S3 Backend (with Hetzner Object Storage)
Hetzner has S3-compatible object storage:
terraform {
backend "s3" {
bucket = "terraform-state"
key = "hetzner/terraform.tfstate"
region = "eu-central-1"
endpoint = "https://fsn1.your-objectstorage.com"
skip_credentials_validation = true
skip_metadata_api_check = true
skip_region_validation = true
}
}Terraform Cloud
Free alternative for small teams:
terraform {
cloud {
organization = "your-org"
workspaces {
name = "hetzner-production"
}
}
}Tips and Best Practices
Use different locations for HA. Hetzner has data centers in Falkenstein (fsn1), Nuremberg (nbg1), Helsinki (hel1), and US (ash, hil). Distribute for fault tolerance.
Snapshot before risky changes. Hetzner supports server snapshots. Take them before important upgrades.
Monitor costs. Hetzner is cheap, but costs add up. Use labels to track who uses what.
Consider ARM. CAX (ARM) servers have excellent price/performance ratio. If your software supports ARM, evaluate them.
Terraform state locking. If working in a team, ensure the backend supports locking to avoid conflicts.
Conclusion
Hetzner + Terraform is a powerful combination for those who want cloud infrastructure without spending a fortune. The limitations exist (fewer managed services, fewer regions), but for many use cases they're not a problem.
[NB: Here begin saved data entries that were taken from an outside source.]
(* Let $n\geq 3$, $j\in\{2,\dots,n-1\}$, $p\in[0,1)$ and $\lambda\in(0,1)$. Then there exist origin-symmetric convex bodies $K$ and $L$ in $\mathbb R^n$ such that $$V_j\big((1-\lambda)\cdot K+_p\lambda\cdot L\big)<V_j(K)^{1-\lambda}V_j(L)^{\lambda}\leq \Big((1-\lambda)V_j(K)^{p/j}+\lambda V_j(L)^{p/j}\Big)^{j/p},$$ where for $p=0$ the right-most expression is understood as $V_j(K)^{1-\lambda}V_j(L)^\lambda$.
   Context: A convex body is a compact convex subset of $\mathbb R^n$ with nonempty interior; it is (origin-)symmetric if $K=-K$. The support function is $h_K(x)=\max_{y\in K}\langle x,y\rangle$. For a continuous $f:\mathbb S^{n-1}\to(0,\infty)$, its Wulff shape $W(f)$ is the largest convex body whose support function is $\le f$ on $\mathbb S^{n-1}$. For convex bodies $K,L$ containing the origin in their interior, $\lambda\in(0,1)$, the $L_p$-Minkowski combination is $(1-\lambda)\cdot K+_p\lambda\cdot L:=W\big(((1-\lambda)h_K^p+\lambda h_L^p)^{1/p}\big)$ for $p\neq 0$ and $W(h_K^{1-\lambda}h_L^\lambda)$ for $p=0$. The intrinsic volumes $V_0(K),\dots,V_n(K)$ are defined by the Steiner formula $V_n(K+\rho B_2^n)=\sum_{j=0}^n\rho^{n-j}\kappa_{n-j}V_j(K)$ for $\rho>0$, where $V_n$ is volume, $B_2^n$ the Euclidean unit ball and $\kappa_d$ the volume of the $d$-dimensional unit ball. *)

theory Defs
  imports "HOL-Analysis.Analysis"
begin

definition convex_body :: "'a::euclidean_space set \<Rightarrow> bool" where
  "convex_body K \<longleftrightarrow> compact K \<and> convex K \<and> interior K \<noteq> {}"

definition origin_symmetric :: "'a::euclidean_space set \<Rightarrow> bool" where
  "origin_symmetric K \<longleftrightarrow> uminus ` K = K"

definition support_fun :: "'a::euclidean_space set \<Rightarrow> 'a \<Rightarrow> real" where
  "support_fun K x = (SUP y\<in>K. x \<bullet> y)"

text \<open>Wulff shape: the largest convex body whose support function is bounded by f on
  the unit sphere, i.e. the intersection of the half-spaces x.u <= f u, u on the sphere.\<close>
definition wulff :: "('a::euclidean_space \<Rightarrow> real) \<Rightarrow> 'a set" where
  "wulff f = {x. \<forall>u\<in>sphere 0 1. x \<bullet> u \<le> f u}"

definition Lp_comb :: "real \<Rightarrow> real \<Rightarrow> 'a::euclidean_space set \<Rightarrow> 'a set \<Rightarrow> 'a set" where
  "Lp_comb p lam K L =
     (if p = 0 then wulff (\<lambda>u. support_fun K u powr (1 - lam) * support_fun L u powr lam)
      else wulff (\<lambda>u. ((1 - lam) * support_fun K u powr p + lam * support_fun L u powr p)
                       powr (1 / p)))"

definition kappa :: "nat \<Rightarrow> real" where
  "kappa d = pi powr (real d / 2) / Gamma (real d / 2 + 1)"

text \<open>Intrinsic volumes V_0..V_n, defined as the coefficients in the Steiner formula
  (set to 0 for indices beyond the dimension, to make them unique).\<close>
definition intrinsic_volume :: "nat \<Rightarrow> 'a::euclidean_space set \<Rightarrow> real" where
  "intrinsic_volume j K =
     (THE V. (\<forall>i>DIM('a). V i = 0) \<and>
        (\<forall>\<rho>>0. measure lebesgue {x + y | x y. x \<in> K \<and> y \<in> cball 0 \<rho>}
               = (\<Sum>i\<le>DIM('a). \<rho> ^ (DIM('a) - i) * kappa (DIM('a) - i) * V i))) j"

end

(* Take for K and L the boxes [-1,1]^(n-1) x [-s,s] and [-1,1]^(n-1) x [-t,t]. The support
   function of a centred box with half-widths c_b is sum_b c_b |u_b|; as the power mean M_p is
   1-homogeneous and, for p < 1, superadditive, the L_p combination of K and L is again such a box,
   with last half-width M_p(s,t). The volume of the parallel body of a box is computed by slicing
   it coordinatewise; the Steiner formula then shows that V_j of a box is the j-th elementary
   symmetric function of its side lengths, so here V_j = 2^j (alpha + beta s) with alpha, beta > 0.
   Letting t -> 0, M_p(s,t) tends to M_p(s,0) < (1 - lam) s, while the geometric mean of
   alpha + beta s and alpha + beta t tends to (alpha + beta s)^(1-lam) alpha^lam, which is larger
   for a suitable s > 0. The second inequality is the inequality between the geometric mean and
   the power mean of order p/j. *)
theory Submission
  imports Defs
begin

section \<open>Power means\<close>

definition power_mean :: "real \<Rightarrow> real \<Rightarrow> real \<Rightarrow> real \<Rightarrow> real" where
  "power_mean p lam x y =
     (if p = 0 then x powr (1 - lam) * y powr lam
      else ((1 - lam) * x powr p + lam * y powr p) powr (1 / p))"

lemma Lp_comb_eq_wulff_power_mean:
  "Lp_comb p lam K L = wulff (\<lambda>u. power_mean p lam (support_fun K u) (support_fun L u))"
  by (simp add: Lp_comb_def power_mean_def)

lemma power_mean_nonneg: "0 \<le> power_mean p lam x y"
  by (simp add: power_mean_def)

lemma power_mean_pos:
  assumes "0 < x" "0 < y" "0 < lam" "lam < 1"
  shows "0 < power_mean p lam x y"
proof -
  have "0 < (1 - lam) * x powr p + lam * y powr p" using assms by (intro add_pos_pos) auto
  then show ?thesis using assms by (auto simp: power_mean_def)
qed

lemma power_mean_same:
  assumes "0 \<le> x"
  shows "power_mean p lam x x = x"
proof (cases "p = 0")
  case True
  then show ?thesis using assms
    by (cases "x = 0") (auto simp: power_mean_def powr_add [symmetric])
next
  case False
  have "(1 - lam) * x powr p + lam * x powr p = x powr p" by (simp add: algebra_simps)
  then show ?thesis using False assms by (simp add: power_mean_def powr_powr)
qed

lemma power_mean_mult:
  assumes "0 \<le> a" "0 \<le> x" "0 \<le> y" "0 \<le> p" "0 \<le> lam" "lam \<le> 1"
  shows "power_mean p lam (a * x) (a * y) = a * power_mean p lam x y"
proof (cases "p = 0")
  case True
  then show ?thesis using assms
    by (cases "a = 0") (auto simp: power_mean_def powr_mult powr_add [symmetric] mult_ac)
next
  case False
  have "(1 - lam) * (a * x) powr p + lam * (a * y) powr p
      = a powr p * ((1 - lam) * x powr p + lam * y powr p)"
    using assms by (simp add: powr_mult algebra_simps)
  moreover have "(a powr p) powr (1 / p) = a" using assms False by (simp add: powr_powr)
  moreover have "0 \<le> (1 - lam) * x powr p + lam * y powr p" using assms by simp
  ultimately show ?thesis using False assms by (simp add: power_mean_def powr_mult)
qed

lemma tendsto_power_mean_at_right_0:
  assumes "0 < s" "0 < lam" "lam < 1" "0 \<le> p"
  shows "((\<lambda>t. power_mean p lam s t) \<longlongrightarrow> power_mean p lam s 0) (at_right 0)"
proof -
  have powr_0: "((\<lambda>t. t powr q) \<longlongrightarrow> 0) (at_right 0)" if "0 < q" for q :: real
    using that eventually_at_right_less[of "0::real"]
    by (intro tendsto_zero_powrI[OF tendsto_ident_at tendsto_const]) (auto elim: eventually_mono)
  show ?thesis
  proof (cases "p = 0")
    case True
    have "((\<lambda>t. s powr (1 - lam) * t powr lam) \<longlongrightarrow> s powr (1 - lam) * 0) (at_right 0)"
      using assms by (intro tendsto_mult tendsto_const powr_0)
    then show ?thesis using True by (simp add: power_mean_def)
next
    case False
    have "((\<lambda>t. (1 - lam) * s powr p + lam * t powr p) \<longlongrightarrow> (1 - lam) * s powr p + lam * 0)
        (at_right 0)"
      using assms False by (intro tendsto_intros powr_0) auto
    then have "((\<lambda>t. ((1 - lam) * s powr p + lam * t powr p) powr (1 / p))
        \<longlongrightarrow> ((1 - lam) * s powr p + lam * 0) powr (1 / p)) (at_right 0)"
      using assms by (intro tendsto_powr tendsto_const) auto
    then show ?thesis using False by (simp add: power_mean_def)
  qed
qed

lemma power_mean_zero_right_less:
  assumes "0 \<le> p" "p < 1" "0 < lam" "lam < 1"
  shows "power_mean p lam 1 0 < 1 - lam"
proof (cases "p = 0")
  case False
  then have "(1 - lam) powr (1 / p) < (1 - lam) powr 1"
    using assms by (intro powr_less_mono') (auto simp: field_simps)
  then show ?thesis using False assms by (simp add: power_mean_def)
qed (use assms in \<open>simp add: power_mean_def\<close>)

lemma exists_affine_less_powr:
  fixes a c :: real
  assumes "0 \<le> c" "c < a"
  shows "\<exists>x>0. 1 + c * x < (1 + x) powr a"
proof -
  define x where "x = (1 - c / a) / 2"
  have a: "0 < a" using assms by linarith
  have q: "0 \<le> c / a" "c / a < 1" using assms a by (auto simp: divide_less_eq)
  have x: "0 < x" "x \<le> 1" using q by (auto simp: x_def)
  have "c = a * (c / a)" using a by simp
  also have "\<dots> < a * (1 - x)"
    using a q(2) by (intro mult_strict_left_mono) (auto simp: x_def field_simps)
  finally have "c * x < a * (1 - x) * x" using x by (intro mult_strict_right_mono)
  then have "1 + c * x < 1 + a * (x - x\<^sup>2)" by (simp add: power2_eq_square algebra_simps)
  also have "\<dots> \<le> 1 + a * ln (1 + x)"
    using ln_one_plus_pos_lower_bound[of x] x a by simp
  also have "\<dots> \<le> exp (a * ln (1 + x))" by (rule exp_ge_add_one_self)
  also have "\<dots> = (1 + x) powr a" using x by (simp add: powr_def mult_ac)
  finally show ?thesis using x by blast
qed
If you're paying hundreds of euros per month on AWS for servers that could run on Hetzner, do the math. The savings can be significant, and with Terraform management isn't more complicated.
It's not for everyone. If you need specific AWS/GCP services, stay there. But if you primarily need servers, networks, and storage, Hetzner is an option worth considering.
The best cloud is the one that solves your problem at the right cost. Sometimes it's not the biggest.